- Exercise directions
Only one stretch of the records below is wanted: the lines from the one holding "nat set \<Rightarrow>" through the one holding "text \<open>Contracting the". Return it exactly, both ends included.

*** Exercise inputs

(* Let $n\geq 5$ and let $G=C^2_n$. Then $G$ does not contain $W_6$ as a minor if and only if $5\leq n\leq 8$.
   Context: All graphs are finite and simple. For $n\geq 5$, $C^2_n$ is the graph obtained from a cycle $C_n$ by adding an edge between every pair of vertices at distance two on the cycle (it is $4$-connected). $W_6$ is the wheel obtained by joining a single new vertex to all vertices of a cycle of length $6$. A minor is obtained by a sequence of edge deletions and edge contractions (parallel edges arising from contractions are reduced to single edges). *)

theory Defs
  imports Main
begin

type_synonym graph = "nat set \<times> nat set set"

definition verts :: "graph \<Rightarrow> nat set" where "verts G = fst G"
definition edges :: "graph \<Rightarrow> nat set set" where "edges G = snd G"

definition simple_graph :: "graph \<Rightarrow> bool" where
  "simple_graph G \<longleftrightarrow> finite (verts G) \<and>
     (\<forall>e\<in>edges G. e \<subseteq> verts G \<and> card e = 2)"

definition del_edge :: "graph \<Rightarrow> nat set \<Rightarrow> graph" where
  "del_edge G e = (verts G, edges G - {e})"

text \<open>Contracting the edge {u,v}: v is merged into u; parallel edges are
automatically identified (edges form a set) and the contracted edge disappears.\<close>
definition contract_edge :: "graph \<Rightarrow> nat \<Rightarrow> nat \<Rightarrow> graph" where
  "contract_edge G u v =
     (verts G - {v},
      {(\<lambda>x. if x = v then u else x) ` e | e. e \<in> edges G \<and> e \<noteq> {u, v}})"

******

- Answer for the task
definition del_edge :: "graph \<Rightarrow> nat set \<Rightarrow> graph" where
  "del_edge G e = (verts G, edges G - {e})"

text \<open>Contracting the edge {u,v}: v is merged into u; parallel edges are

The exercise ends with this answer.